February 8th, 2009
10:18 pm - 6 Alice in Wonderland. Chapter 6.
Smell of the woods, smell of fire and of blood. I can feel every single scent in the air. Only the scent of my emptiness and despair seemed to be finally gone. As soon as we crossed the city lines I felt a motherly instinct arise in me. I would be bound to protect the place even with my life if needed. I mean - how could everything become so clear in one single moment of time? As if I had a new life manual placed in front of me as a surprise-gift. And this one, alike the one before it, didn't tell me how to live, it only explained the things that were already there. There was no pattern, no plan or advise. All I had was information, the choice was up to me. I could once again make decisions based on what I knew. And everything was answered honestly, I could feel that - only those things which had a definite answer were provided with one. All other things were just made clear and simple, as if I gained new vision that allowed me to see what's in front of me finally. Alice took my hand and whispered pain into my year, and nothing felt as good as that. I was there to stay.
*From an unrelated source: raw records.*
lemma \<alpha>'_delta_hom: "\<alpha>' \<in> delta_hom m n"
proof -
  have "\<alpha>' i \<le> n" if "i \<le> m" for i
    using \<alpha>'_le_bound[of i i] bound_le that by fastforce
  moreover have "\<alpha>' i \<le> \<alpha>' j" if "i \<le> j" "j \<le> m" for i j
    using that by (simp add: \<alpha>'_def Min_antimono image_mono)
  ultimately show ?thesis
    by (auto simp: delta_hom_def \<alpha>'_def intro!: mono_onI)
qed

lemma le_\<alpha>'_iff_admissible:
  assumes \<beta>: "\<beta> \<in> delta_hom m n" and \<alpha>\<beta>: "delta_le m \<alpha> \<beta>"
  shows "delta_le m \<beta> \<alpha>' \<longleftrightarrow> (\<forall>i\<le>m. admissible i (\<beta> i))"
proof -
  have "delta_le m \<beta> \<alpha>' \<longleftrightarrow> (\<forall>i\<le>m. \<beta> i \<le> bound i)"
  proof
    assume "delta_le m \<beta> \<alpha>'"
    then show "\<forall>i\<le>m. \<beta> i \<le> bound i"
      using \<alpha>'_le_bound[OF order.refl] by (auto simp: delta_le_def intro: order.trans)
  next
    assume \<beta>_bound: "\<forall>i\<le>m. \<beta> i \<le> bound i"
    have "\<beta> i \<le> \<alpha>' i" if "i \<le> m" for i
    proof -
      have "\<beta> i \<le> bound j" if "j \<in> {i..m}" for j
        using that delta_hom_mono[OF \<beta>, of i j] \<beta>_bound by force
      with \<open>i \<le> m\<close> show ?thesis by (simp add: \<alpha>'_def Min.boundedI)
    qed
    then show "delta_le m \<beta> \<alpha>'" by (simp add: delta_le_def)
  qed
  also have "\<dots> \<longleftrightarrow> (\<forall>i\<le>m. admissible i (\<beta> i))"
    using \<alpha>\<beta> admissible_iff_le_bound by (simp add: delta_le_def)
  finally show ?thesis .
qed

lemma \<alpha>_le_\<alpha>': "delta_le m \<alpha> \<alpha>'"
  using le_\<alpha>'_iff_admissible[OF \<alpha>_delta_hom] admissible_\<alpha> by (simp add: delta_le_def)

lemma transport_in_chom:
  assumes \<beta>: "\<beta> \<in> delta_hom m n" and \<alpha>\<beta>: "delta_le m \<alpha> \<beta>" and i: "i \<le> m"
  shows "transport \<beta> i \<in> chom C (dob X i) (dob Y (\<beta> i))"
  using comp_in_chom[OF \<theta>_in_chom[OF i] nfunctor_dmor_in_chom[OF Y_nfunctor]] \<alpha>\<beta> delta_hom_le[OF \<beta> i] i
  by (simp add: transport_def delta_le_def)

lemma transport_trans:
  assumes "delta_le m \<alpha> \<beta>" "delta_le m \<beta> \<gamma>" "\<gamma> \<in> delta_hom m n" "i \<le> m"
  shows "transport \<gamma> i = ccomp C (dmor Y (\<beta> i) (\<gamma> i)) (transport \<beta> i)"
  using assms nfunctor_dmor_comp_apply[OF Y_nfunctor _ _ _ \<theta>_in_chom, of i "\<beta> i" "\<gamma> i"] delta_hom_le
  by (simp add: transport_def delta_le_def)

lemma transport_natural:
  assumes \<beta>: "\<beta> \<in> delta_hom m n" and \<alpha>\<beta>: "delta_le m \<alpha> \<beta>" and ij: "i \<le> j" "j \<le> m"
  shows "ccomp C (dmor Y (\<beta> i) (\<beta> j)) (transport \<beta> i) = ccomp C (transport \<beta> j) (dmor X i j)"
proof -
  have i: "i \<le> m" using ij by simp
  have le: "\<alpha> i \<le> \<beta> i" "\<beta> i \<le> \<beta> j" "\<alpha> i \<le> \<alpha> j" "\<alpha> j \<le> \<beta> j" "\<beta> j \<le> n"
    using \<alpha>\<beta> i ij delta_hom_mono[OF \<beta> ij] delta_hom_mono[OF \<alpha>_delta_hom ij] delta_hom_le[OF \<beta>]
    by (simp_all add: delta_le_def)
  note Y_apply = nfunctor_dmor_comp_apply[OF Y_nfunctor _ _ _ \<theta>_in_chom[OF i]]
  have "ccomp C (dmor Y (\<beta> i) (\<beta> j)) (transport \<beta> i) = ccomp C (dmor Y (\<alpha> i) (\<beta> j)) (\<theta> i)"
    using Y_apply le i by (simp add: transport_def)
  also have "\<dots> = ccomp C (dmor Y (\<alpha> j) (\<beta> j)) (ccomp C (dmor Y (\<alpha> i) (\<alpha> j)) (\<theta> i))"
    using Y_apply le by simp
  also have "\<dots> = ccomp C (dmor Y (\<alpha> j) (\<beta> j)) (ccomp C (\<theta> j) (dmor X i j))"
    using \<theta>_natural[OF ij] by simp
  also have "\<dots> = ccomp C (transport \<beta> j) (dmor X i j)"
    using comp_assoc[OF nfunctor_dmor_in_chom[OF X_nfunctor ij] \<theta>_in_chom[OF ij(2)]
        nfunctor_dmor_in_chom[OF Y_nfunctor le(4,5)]] ij
    by (simp add: transport_def)
  finally show ?thesis .
qed

lemma transport_Cp: "k \<noteq> IntN \<Longrightarrow> i \<le> m \<Longrightarrow> admissible i (\<beta> i) \<Longrightarrow> transport \<beta> i \<in> Cp"
  by (simp add: transport_def admissible_def)

text \<open>If \<open>\<beta> i = \<beta> j\<close> for \<open>i < j\<close>, naturality factors \<open>transport \<beta> i\<close> through \<open>X(i \<le> j) \<in> C\<^sub>-\<close>;
  uniqueness of Reedy factorizations then makes \<open>X(i \<le> j)\<close> an identity, which \<open>X\<close> forbids.\<close>
lemma admissible_strict_mono:
  assumes k: "k = IntN_mmp_p" and \<beta>: "\<beta> \<in> delta_hom m n" and \<alpha>\<beta>: "delta_le m \<alpha> \<beta>"
    and adm: "\<forall>i\<le>m. admissible i (\<beta> i)"
  shows "strict_mono_on {0..m} \<beta>"
proof (rule strict_mono_onI)
  fix i j assume "i \<in> {0..m}" "j \<in> {0..m}" "i < j"
  then have ij: "i \<le> j" "j \<le> m" and i: "i \<le> m" by simp_all
  have "\<beta> i \<noteq> \<beta> j"
  proof
    assume eq: "\<beta> i = \<beta> j"
    have "ccomp C (transport \<beta> j) (dmor X i j) = transport \<beta> i"
      using transport_natural[OF \<beta> \<alpha>\<beta> ij] eq nfunctor_dmor_id[OF Y_nfunctor delta_hom_le[OF \<beta> i]]
        comp_id_left[OF transport_in_chom[OF \<beta> \<alpha>\<beta> i]] by simp
    moreover have "dmor X i j \<in> Cm \<inter> chom C (dob X i) (dob X j)"
      using X_dmor_Cm nfunctor_dmor_in_chom[OF X_nfunctor] ij k by simp
    moreover have "transport \<beta> j \<in> Cp \<inter> chom C (dob X j) (dob Y (\<beta> j))"
      using transport_Cp transport_in_chom[OF \<beta> \<alpha>\<beta>] adm ij k by simp
    ultimately have "dmor X i j = cid C (dob X i)"
      using Cm_eq_id_if_comp_Cp transport_Cp adm i k by simp
    with X_reflects_id[OF k ij] \<open>i < j\<close> show False by simp
  qed
  with delta_hom_mono[OF \<beta> ij] show "\<beta> i < \<beta> j" by simp
qed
First time we slept there - and I don't even remember what we did before that and how we got the room, nor even where it was - I was disturbed by the dream I saw. I was thinking high for my first-night's dream, but it was completely normal. It held no images of the recent events, nor the things that bothered me, like my dreams usually did. I saw something I never thought I'd be even thinking about, not to mention any kind of dreaming. And there I was, dreaming of the wrong person. I could have dreamt about my brother, my parents, Kate, Brad or at least Alice who was breathlessly sleeping beside me. All the people I was or had been close to, all those who I cared about. Sheesh, even the dead driver burried in the forest or his family would seem more normal to me than this guy I saw. I swear, I'd forgotten he even existed, but guess what people say about girls never forgeting their first must be true. Eric was an electro-engineer from the nearby-university, a second course student himself, but extremely gifted at what he did. At that time, a couple of years ago - huh, I couldn't even remember how long ago it happened - I was a junior or something, maybe sophomore. Our relationship was spontaneous, I didn't even notice it, as I didn't notice most of my life passing by. But he kind of was my first. I remember him being astonished by me being the one not to call, guess he really liked me at the time. What else would be the reason for him to keep trying to contact me for five more months or so. In this dreem that I had... I was happy and kind of relieved to see him again, threw my arms around him and we danced while the music kept changing and suddenly I ended up at the top of a huge tower in the middle of nowhere. And then the dream went off into directions I couldn't even describe after waking up screaming. Felt like being slain by a dragon.
All my wounds suddenly disappeared into nowhere as if I'd never been in an accident, as if I'd never been tortured by Alice for many, many times.